I’m going to shower,
he said.
Afterward, he went out the back door. Left her in the kitchen where she fussed with something. The cool air and Lilac Vegetal tightened his pores. He took five minutes to walk the perimeter of their lot. It was an old habit, inspecting his lot line, eighty by one hundred and twenty feet.
Today, he stopped at the west fence, looking across the other back yards, looking at line after line of chain-link. Today, he thought about the tin men, the way two of them sold a thousand dollars worth to his mother, even though their bungalow was brick. They’d worked the area real good that summer. They’d sold a couple of truck loads of aluminum awnings, because a lot of houses were like his mother’s. He’d taken the damn awnings down when he took title. They served no purpose, really. But everywhere else, most of the tin was still up.
The tin men must have been real good to sell a product so marginal, he thought. They knew their jobs. He had to give them that. In his way of thinking, he’d rather see somebody sell an average product well than do a poor sales job on something of quality. He learned that in the Marines. You did your job, and you did it well, no matter what. He liked that old public service announcement, that TV commercial where a guy signed his name on a line he’d just painted on the street.

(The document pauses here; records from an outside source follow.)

lemma multilinear_form_replicate_scaleR:
  assumes "multilinear_form n T"
  shows "T (replicate n (c *\<^sub>R w)) = c ^ n * T (replicate n w)"
  using assms
proof (induction n arbitrary: T)
  case (Suc n)
  then have lin: "linear (\<lambda>v. T (v # replicate n w))"
    and ml: "multilinear_form n (\<lambda>vs. T (c *\<^sub>R w # vs))"
    by (simp_all add: multilinear_form_Suc)
  have "T (replicate (Suc n) (c *\<^sub>R w)) = c ^ n * T (c *\<^sub>R w # replicate n w)"
    using Suc.IH[OF ml] by simp
  also have "\<dots> = c ^ Suc n * T (replicate (Suc n) w)"
    using linear_scale[OF lin] by simp
  finally show ?case .
qed simp

lemma multilinear_form_derivative:
  fixes F :: "'a::euclidean_space \<Rightarrow> 'b::real_vector list \<Rightarrow> real"
  assumes S: "convex S" "interior S \<noteq> {}" and s: "s \<in> S"
    and F': "\<And>vs. ((\<lambda>s. F s vs) has_derivative (\<lambda>h. F' h vs)) (at s within S)"
    and F: "\<And>s. s \<in> S \<Longrightarrow> multilinear_form n (F s)"
  shows "multilinear_form n (F' h)"
  unfolding multilinear_form_def
proof (intro allI impI)
  fix i and vs :: "'b list" assume "i < n" "length vs = n"
  then show "linear (\<lambda>v. F' h (vs[i := v]))"
    using linear_derivative_in_parameter[OF S s, of "\<lambda>v s. F s (vs[i := v])" "\<lambda>v h. F' h (vs[i := v])"]
      F F' by (auto simp: multilinear_form_def)
qed

definition unit_lists :: "nat \<Rightarrow> 'b::real_normed_vector list set" where
  "unit_lists n = {vs. length vs = n \<and> (\<forall>v\<in>set vs. norm v \<le> 1)}"

lemma linear_family_bounded_on_unit_ball:
  fixes T :: "'a::euclidean_space \<Rightarrow> 'c \<Rightarrow> real"
  assumes lin: "\<And>p. p \<in> A \<Longrightarrow> linear (\<lambda>u. T u p)"
    and bounded: "\<And>b. b \<in> Basis \<Longrightarrow> \<exists>M. \<forall>p\<in>A. \<bar>T b p\<bar> \<le> M"
  shows "\<exists>M. \<forall>u p. norm u \<le> 1 \<longrightarrow> p \<in> A \<longrightarrow> \<bar>T u p\<bar> \<le> M"
proof -
  obtain M where M: "\<And>b p. b \<in> Basis \<Longrightarrow> p \<in> A \<Longrightarrow> \<bar>T b p\<bar> \<le> M b"
    using bounded by metis
  have "\<bar>T u p\<bar> \<le> (\<Sum>b\<in>Basis. M b)" if u: "norm u \<le> 1" and p: "p \<in> A" for u p
  proof -
    have "T u p = T (\<Sum>b\<in>Basis. (u \<bullet> b) *\<^sub>R b) p"
      by (simp add: euclidean_representation)
    also have "\<dots> = (\<Sum>b\<in>Basis. (u \<bullet> b) * T b p)"
      by (simp add: linear_sum[OF lin[OF p]] linear_scale[OF lin[OF p]])
    finally have "\<bar>T u p\<bar> \<le> (\<Sum>b\<in>Basis. \<bar>u \<bullet> b\<bar> * \<bar>T b p\<bar>)"
      by (metis (no_types, lifting) abs_mult sum.cong sum_abs)
    also have "\<dots> \<le> (\<Sum>b\<in>Basis. 1 * M b)"
      using Basis_le_norm u M p by (intro sum_mono mult_mono) (auto intro: order_trans)
    finally show ?thesis by simp
  qed
  then show ?thesis by blast
qed

lemma multilinear_form_bounded:
  fixes T :: "'b::euclidean_space list \<Rightarrow> real"
  assumes "multilinear_form n T"
  shows "\<exists>M. \<forall>vs\<in>unit_lists n. \<bar>T vs\<bar> \<le> M"
  using assms
proof (induction n arbitrary: T)
  case 0
  then show ?case by (auto simp: unit_lists_def)
next
  case (Suc n)
  have "\<exists>M. \<forall>v vs. norm v \<le> 1 \<longrightarrow> vs \<in> unit_lists n \<longrightarrow> \<bar>T (v # vs)\<bar> \<le> M"
    by (rule linear_family_bounded_on_unit_ball)
      (use Suc in \<open>auto simp: multilinear_form_Suc unit_lists_def\<close>)
  then obtain M where M: "\<And>v vs. norm v \<le> 1 \<Longrightarrow> vs \<in> unit_lists n \<Longrightarrow> \<bar>T (v # vs)\<bar> \<le> M"
    by blast
  show ?case
  proof (intro exI ballI)
    fix vs :: "'b list" assume "vs \<in> unit_lists (Suc n)"
    then obtain v vs' where "vs = v # vs'" "norm v \<le> 1" "vs' \<in> unit_lists n"
      by (cases vs) (auto simp: unit_lists_def)
    then show "\<bar>T vs\<bar> \<le> M"
      using M by simp
  qed
qed

lemma mixed_opnorm_bound:
  fixes T :: "'a::euclidean_space \<Rightarrow> 'b::euclidean_space list \<Rightarrow> real"
  assumes lin: "\<And>vs. linear (\<lambda>u. T u vs)" and ml: "\<And>u. multilinear_form k (T u)"
  shows "\<bar>T u (replicate k v)\<bar> \<le> mixed_opnorm k T * norm u * norm v ^ k"
proof -
  let ?A = "{(u, vs). norm u \<le> 1 \<and> length vs = k \<and> (\<forall>v\<in>set vs. norm v \<le> 1)}"
  obtain M where "\<forall>u vs. norm u \<le> 1 \<longrightarrow> vs \<in> unit_lists k \<longrightarrow> \<bar>T u vs\<bar> \<le> M"
    using linear_family_bounded_on_unit_ball[of "unit_lists k" T] lin multilinear_form_bounded[OF ml]
    by blast
  then have "bdd_above ((\<lambda>p. \<bar>T (fst p) (snd p)\<bar>) ` ?A)"
    by (auto simp: bdd_above_def unit_lists_def)
  then have opnorm: "\<bar>T u' vs\<bar> \<le> mixed_opnorm k T" if "(u', vs) \<in> ?A" for u' vs
    unfolding mixed_opnorm_def using cSUP_upper[OF that] by fastforce
  have norm_sgn_scaleR: "z = norm z *\<^sub>R sgn z" for z :: "'c::real_normed_vector"
    by (cases "z = 0") (simp_all add: sgn_div_norm)
  have "T u (replicate k v) = T (norm u *\<^sub>R sgn u) (replicate k (norm v *\<^sub>R sgn v))"
    using norm_sgn_scaleR by metis
  also have "\<dots> = norm u * norm v ^ k * T (sgn u) (replicate k (sgn v))"
    by (simp add: multilinear_form_replicate_scaleR[OF ml] linear_scale[OF lin])
  finally have "\<bar>T u (replicate k v)\<bar> = norm u * norm v ^ k * \<bar>T (sgn u) (replicate k (sgn v))\<bar>"
    by (simp add: abs_mult)
  also have "\<dots> \<le> norm u * norm v ^ k * mixed_opnorm k T"
    by (intro mult_left_mono opnorm) (auto simp: norm_sgn)
  finally show ?thesis by (simp add: ac_simps)
qed

lemma mixed_opnorm_nonneg:
  fixes T :: "'a::euclidean_space \<Rightarrow> 'b::euclidean_space list \<Rightarrow> real"
  assumes "\<And>vs. linear (\<lambda>u. T u vs)" and "\<And>u. multilinear_form k (T u)"
  shows "0 \<le> mixed_opnorm k T"
proof -
  obtain b :: 'a where "b \<in> Basis"
    using nonempty_Basis by blast
  moreover obtain b' :: 'b where "b' \<in> Basis"
    using nonempty_Basis by blast
  ultimately show ?thesis
    using mixed_opnorm_bound[OF assms, of b b'] by (simp add: order_trans[OF abs_ge_zero])
qed

section \<open>Differentiation under the integral sign\<close>

lemma Lipschitz_derivative_remainder_bound:
  fixes g :: "'a::real_normed_vector \<Rightarrow> 'b::real_normed_vector"
  assumes S: "convex S" and x: "x \<in> S" and x': "x' \<in> S" and c: "0 \<le> c"
    and g': "\<And>p. p \<in> S \<Longrightarrow> (g has_derivative g' p) (at p within S)"
    and Lipschitz: "\<And>p h. p \<in> S \<Longrightarrow> norm (g' p h - g' x h) \<le> c * norm (p - x) * norm h"
  shows "norm (g x' - g x - g' x (x' - x)) \<le> c * norm (x' - x)^2"
proof -
  let ?L = "closed_segment x x'"
  have L: "?L \<subseteq> S"
    by (rule closed_segment_subset[OF x x' S])
  have "norm (g x' - g x - g' x (x' - x)) \<le> norm (x' - x) * (c * norm (x' - x))"
  proof (rule differentiable_bound_linearization[of x x' ?L g g' x])
    show "x + t *\<^sub>R (x' - x) \<in> ?L" if "t \<in> {0..1}" for t
      using that by (auto simp: in_segment algebra_simps intro!: exI[of _ t])
    show "(g has_derivative g' p) (at p within ?L)" if "p \<in> ?L" for p
      using has_derivative_subset[OF g'] L that by blast
    show "onorm (g' p - g' x) \<le> c * norm (x' - x)" if p: "p \<in> ?L" for p
    proof (rule onorm_bound)
      show "0 \<le> c * norm (x' - x)"
        using c by simp
      fix h
      have "norm ((g' p - g' x) h) \<le> c * norm (p - x) * norm h"
        using Lipschitz p L by auto
      also have "\<dots> \<le> c * norm (x' - x) * norm h"
        using segment_bound1[OF p] c by (intro mult_right_mono mult_left_mono) auto
      finally show "norm ((g' p - g' x) h) \<le> c * norm (x' - x) * norm h" .
    qed
  qed auto
  then show ?thesis
    by (simp add: power2_eq_square ac_simps)
qed

lemma has_derivative_quadratic_remainder:
  assumes "bounded_linear f'"
    and remainder: "\<And>x'. x' \<in> S \<Longrightarrow> norm (f x' - f x - f' (x' - x)) \<le> C * norm (x' - x)^2"
  shows "(f has_derivative f') (at x within S)"
  unfolding has_derivative_within_alt
proof (intro conjI allI impI assms(1))
  fix e :: real assume e: "0 < e"
  have pos: "0 < \<bar>C\<bar> + 1"
    by simp
  show "\<exists>d>0. \<forall>x'\<in>S. norm (x' - x) < d \<longrightarrow> norm (f x' - f x - f' (x' - x)) \<le> e * norm (x' - x)"
  proof (intro exI[of _ "e / (\<bar>C\<bar> + 1)"] conjI ballI impI)
    show "0 < e / (\<bar>C\<bar> + 1)"
      using e pos by simp
    fix x' assume x': "x' \<in> S" and close: "norm (x' - x) < e / (\<bar>C\<bar> + 1)"
    have "norm (f x' - f x - f' (x' - x)) \<le> C * norm (x' - x)^2"
      by (rule remainder[OF x'])
    also have "\<dots> \<le> (\<bar>C\<bar> + 1) * norm (x' - x)^2"
      by (intro mult_right_mono) auto
    also have "\<dots> = ((\<bar>C\<bar> + 1) * norm (x' - x)) * norm (x' - x)"
      by (simp add: power2_eq_square)
    also have "\<dots> \<le> e * norm (x' - x)"
      using close pos_less_divide_eq[OF pos] by (intro mult_right_mono) (simp_all add: ac_simps)
    finally show "norm (f x' - f x - f' (x' - x)) \<le> e * norm (x' - x)" .
  qed
qed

What if you had to sign your name to everything you did? Would you do a better job?
That’s the standard he’d embraced.
At the side of the garage, Laurel Kring slid his key into the dead bolt. He’d removed the big garage door and walled in the front. He’d made the garage his study and workshop, built a fake window with a flower box so his wife could dress it up with flowers. He didn’t want some neighborhood punks breaking in, or any niggers. Just last year, two families had moved in up the street. He liked the privacy. He didn’t need windows. He liked exploring worlds more vast than all he could gather with a line of sight through glass.
The sound of the cooling fan from the Compaq desktop greeted him. He’d sunk five grand into the PC and its peripherals. He never turned it off. He liked the sound of the running computer when he came through the workshop door.
When he was working, he listened to Coltraine, or Rahsaan Roland Kirk. He had all their works in vinyl. When they were reissued on CD, he’d bought his favorites and a player for the workshop. He’d been listening since he was a boy, back when WJZZ played beebop and the cool movement, back when he was spending nights alone with the FM in his room. Roland Kirk was a story. A negligent nurse, not doing her job, blinded him when he was two. From this crime and its pain would emerge a prodigious gift. Kirk learned to play forty instruments. He could blow three horns at once. No man could do that. He liked Coltraine’s wailing, but he identified with Kirk.
Today, he loaded A Love Supreme
and sat down at the computer. The sweet dissonance of Coltraine’s tenor soon filled the room.
The file was labeled FINAL.LTR. He’d been working on it a little each day, through the first week of his vacation, trying to polish it. The mechanics of writing, conventional sentence structure and organization, had never come easy for him. But he knew his ending. That was good. He was saving it in another file, planning to tack it on the final draft.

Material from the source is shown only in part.